Sluiter, interviewed last week as rumors of Culminations’ struggles began to percolate, said the brewery was hit hard by the pandemic and never fully recovered. He said that was complicated by strife with its previous distributor, Columbia Distributing, which he said cut back on its commitment to craft breweries.
That, he said, caused a precipitous drop in can sales — essentially Culmination’s lifeline during COVID-19.
Jesse Ferber, Columbia’s chief strategy officer, disagreed with Sluiter’s assessment.
“We got the brand in 2018, and we grew their can business over 20% over the three years we had them,” Ferber said in a phone interview. “Then the pandemic hit. A lot of brewers pivoted and started focusing on off-premise, groceries and convenience stores.
“Tomas was focused on the on-premise and making eclectic beers,” he said. “They were really good, but we had to shift our business to keep breweries alive. The ability to pivot was what saved a lot of these breweries during the pandemic, and a lot of the portfolios grew.”
The craft brewing industry is struggling overall, Ferber said, with sales down for half of the top 30 breweries in Oregon this year. And Portland hasn’t been spared, with seven breweries announcing closure or sale this summer.
“It’s convenient to blame the distributor, but other brewery partners for Columbia have grown their business and are doing well,” he said. “It’s frustrating this one didn’t work out.”
Sluiter said that in hindsight he questions Culmination’s decision to sign on with its current distributor, Running Man Distributing, which is smaller and “doesn’t have the scale to get us back to where we were.”
Phil Birnbaum, Running Man’s owner, said he was surprised by Culmination’s struggles, as it’s “always been a strong brand.”
“We are an admittedly small distributor, but in the year and a half since we’ve been selling them, they’ve always been a really strong, fast-moving brewery for us.”
Asked about Culmination’s distribution struggles, Shomler said, “That was before my time, I wasn’t around then.”
But he said he will do whatever he can to partner with Running Man and “help make their life easier.”
While Spady last week said the company was for sale, Shomler said he was unaware of any official listing.
“Since I read that article, I have not seen Culmination listed for sale anywhere,” he said. “There’s been no social media posting that it’s for sale. There’s nothing put on the website saying it’s for sale. I’m not aware of a business broker who’s listing it for sale.
“I’m sure if someone stepped forward and said, ‘Hey, I have a boatload of money, I’ll give it to you,’ I’m sure that some people would take it,” he said. “But I am here to help the brewery survive.
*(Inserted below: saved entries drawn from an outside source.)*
lemma mass_ratio_nonneg: "mass_ratio I J v \<ge> 0"
  unfolding mass_ratio_def by (simp del: of_nat_sum)

lemma mass_ratio_le_1:
  assumes "finite I" "J \<subseteq> I"
  shows "mass_ratio I J v \<le> 1"
proof -
  define a where "a = (\<Sum>i\<in>J. v i)"
  define b where "b = (\<Sum>i\<in>I. v i)"
  have "real a \<le> real b"
    using sum_mono2[OF assms, of v] unfolding a_def b_def by (simp only: of_nat_le_iff)
  then have "(if b > 0 then real a / real b else 0) \<le> 1" by (auto simp: divide_le_eq_1)
  then show ?thesis unfolding mass_ratio_def a_def b_def .
qed

lemma mass_ratio_cong:
  assumes "J \<subseteq> I" "\<And>i. i \<in> I \<Longrightarrow> v i = v' i"
  shows "mass_ratio I J v = mass_ratio I J v'"
proof -
  have "sum v I = sum v' I" "sum v J = sum v' J"
    using assms by (auto intro: sum.cong)
  then show ?thesis unfolding mass_ratio_def by simp
qed

lemma mass_ratio_const_1:
  assumes "finite I" "J \<subseteq> I"
  shows "mass_ratio I J (\<lambda>_. 1) = real (card J) / real (card I)"
  using assms by (auto simp: mass_ratio_def card_gt_0_iff)

lemma mass_ratio_eq_sum_share:
  assumes "finite I" "J \<subseteq> I"
  shows "ennreal (mass_ratio I J v) = (\<Sum>i\<in>J. share (v i) (\<Sum>k\<in>I - {i}. v k))"
proof -
  have total: "(\<Sum>k\<in>I. v k) = v i + (\<Sum>k\<in>I - {i}. v k)" if "i \<in> J" for i
    using that assms by (intro sum.remove) auto
  show ?thesis
  proof (cases "(\<Sum>k\<in>I. v k) > 0")
    case True
    have "(\<Sum>i\<in>J. share (v i) (\<Sum>k\<in>I - {i}. v k)) = (\<Sum>i\<in>J. ennreal (real (v i) / real (\<Sum>k\<in>I. v k)))"
      by (rule sum.cong) (use True total in \<open>auto simp: share_def\<close>)
    also have "\<dots> = ennreal (\<Sum>i\<in>J. real (v i) / real (\<Sum>k\<in>I. v k))"
      by (rule sum_ennreal) (auto intro!: divide_nonneg_nonneg sum_nonneg)
    also have "(\<Sum>i\<in>J. real (v i) / real (\<Sum>k\<in>I. v k)) = mass_ratio I J v"
      unfolding mass_ratio_def using True by (simp add: sum_divide_distrib[symmetric])
    finally show ?thesis ..
  qed (use total in \<open>auto simp: mass_ratio_def share_def intro!: sum.neutral\<close>)
qed

lemma bd_ratio_eq_mass_ratio: "bd_ratio N I J t \<omega> = mass_ratio I J (\<lambda>i. N i t \<omega>)"
  unfolding bd_ratio_def mass_ratio_def by simp

context bd_transition
begin

abbreviation ennp :: "real \<Rightarrow> nat \<Rightarrow> nat \<Rightarrow> ennreal" where
  "ennp t n x \<equiv> ennreal (p t n x)"

lemma nn_integral_p_le_1:
  assumes "t \<ge> 0" shows "(\<integral>\<^sup>+x. ennp t n x \<partial>count_space UNIV) \<le> 1"
proof -
  have "(\<integral>\<^sup>+x. ennp t n x \<partial>count_space UNIV) = ennreal (suminf (p t n))"
    by (simp add: nn_integral_count_space_nat suminf_ennreal2 p_nonneg summable_p assms)
  then show ?thesis using suminf_p_le_1[OF assms] by simp
qed

lemma nn_integral_p_from_0:
  assumes "t \<ge> 0" shows "(\<integral>\<^sup>+x. ennp t 0 x * g x \<partial>count_space UNIV) = g 0"
proof -
  have "(\<lambda>x. ennp t 0 x * g x) = (\<lambda>x. indicator {0} x * g 0)"
    by (auto simp: fun_eq_iff p_from_0[OF assms] split: split_indicator)
  then show ?thesis by (simp add: nn_integral_count_space_singleton)
qed

lemma nn_integral_p_convolution:
  assumes "t \<ge> 0"
  shows "(\<integral>\<^sup>+x. ennp t u x * (\<integral>\<^sup>+y. ennp t v y * f (x + y) \<partial>count_space UNIV) \<partial>count_space UNIV)
       = (\<integral>\<^sup>+z. ennp t (u + v) z * f z \<partial>count_space UNIV)"
  using nn_integral_count_space_convolution[of "p t u" "p t v" f] p_nonneg[OF assms] p_branching[OF assms]
  by (simp add: nn_integral_count_space_cmult[symmetric] mult.assoc)

lemma nn_integral_prod_PiE_insert:
  assumes "finite K" "i \<notin> K"
  shows "(\<integral>\<^sup>+v. (\<Prod>j\<in>insert i K. ennp t (n j) (v j)) * g v \<partial>count_space (PiE (insert i K) (\<lambda>_. UNIV)))
    = (\<integral>\<^sup>+x. ennp t (n i) x * (\<integral>\<^sup>+w. (\<Prod>j\<in>K. ennp t (n j) (w j)) * g (w(i := x))
        \<partial>count_space (PiE K (\<lambda>_. UNIV))) \<partial>count_space UNIV)"
proof -
  have "(\<Prod>j\<in>K. ennp t (n j) ((w(i := x)) j)) = (\<Prod>j\<in>K. ennp t (n j) (w j))" for w x
    using assms by (intro prod.cong) auto
  then show ?thesis
    using assms
    by (simp add: nn_integral_count_space_PiE_insert nn_integral_count_space_cmult[symmetric] mult.assoc
        prod.insert_if)
qed

lemma nn_integral_sum_PiE:
  assumes "finite K" "t \<ge> 0"
  shows "(\<integral>\<^sup>+w. (\<Prod>i\<in>K. ennp t (n i) (w i)) * f (\<Sum>i\<in>K. w i) \<partial>count_space (PiE K (\<lambda>_. UNIV)))
       = (\<integral>\<^sup>+z. ennp t (\<Sum>i\<in>K. n i) z * f z \<partial>count_space UNIV)"
  using assms(1)
proof (induction K arbitrary: f rule: finite_induct)
  case empty
  then show ?case by (simp add: nn_integral_count_space_finite nn_integral_p_from_0[OF assms(2)])
next
  case (insert i K)
  have sum_upd: "(\<Sum>j\<in>insert i K. (w(i := x)) j) = x + (\<Sum>j\<in>K. w j)" for w x
  proof -
    have "(\<Sum>j\<in>K. (w(i := x)) j) = (\<Sum>j\<in>K. w j)" using insert(2) by (intro sum.cong) auto
    then show ?thesis using insert(1,2) by (simp del: fun_upd_apply add: fun_upd_same)
  qed
  have "(\<integral>\<^sup>+w. (\<Prod>j\<in>insert i K. ennp t (n j) (w j)) * f (\<Sum>j\<in>insert i K. w j) \<partial>count_space (PiE (insert i K) (\<lambda>_. UNIV)))
      = (\<integral>\<^sup>+x. ennp t (n i) x * (\<integral>\<^sup>+w. (\<Prod>j\<in>K. ennp t (n j) (w j)) * f (x + (\<Sum>j\<in>K. w j))
          \<partial>count_space (PiE K (\<lambda>_. UNIV))) \<partial>count_space UNIV)"
    unfolding nn_integral_prod_PiE_insert[OF insert(1,2)] sum_upd ..
  also have "\<dots> = (\<integral>\<^sup>+x. ennp t (n i) x * (\<integral>\<^sup>+y. ennp t (\<Sum>j\<in>K. n j) y * f (x + y) \<partial>count_space UNIV) \<partial>count_space UNIV)"
    using insert(3)[of "\<lambda>s. f (_ + s)"] by simp
  also have "\<dots> = (\<integral>\<^sup>+z. ennp t (n i + (\<Sum>j\<in>K. n j)) z * f z \<partial>count_space UNIV)"
    by (rule nn_integral_p_convolution[OF assms(2)])
  finally show ?case using insert(1,2) by simp
qed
Me banging the drum to find a seller has not been on my to-do list.”
Asked what Culmination’s biggest challenge is, Shomler replied, “There’s a lot of plates spinning that are about to fall off and crack. … There are some financial challenges, morale was an issue. If I was an employee, I would definitely feel the weight of some of the things — financial and other issues — they were being buffeted with.”
But, he said, “increasing sales fixes things, and there’s things we can do.”
His plan has reinspired Hush to keep fighting for Culmination Brewing.
“We’ve spent months cutting things to the bone and finding efficiencies, and the last step is to hope that the community rallies behind us,” Hush said. “We think Steven’s the right person to make that happen. We’re excited and confident that he’s going to be able to save this company. We haven’t been this excited in months and months.”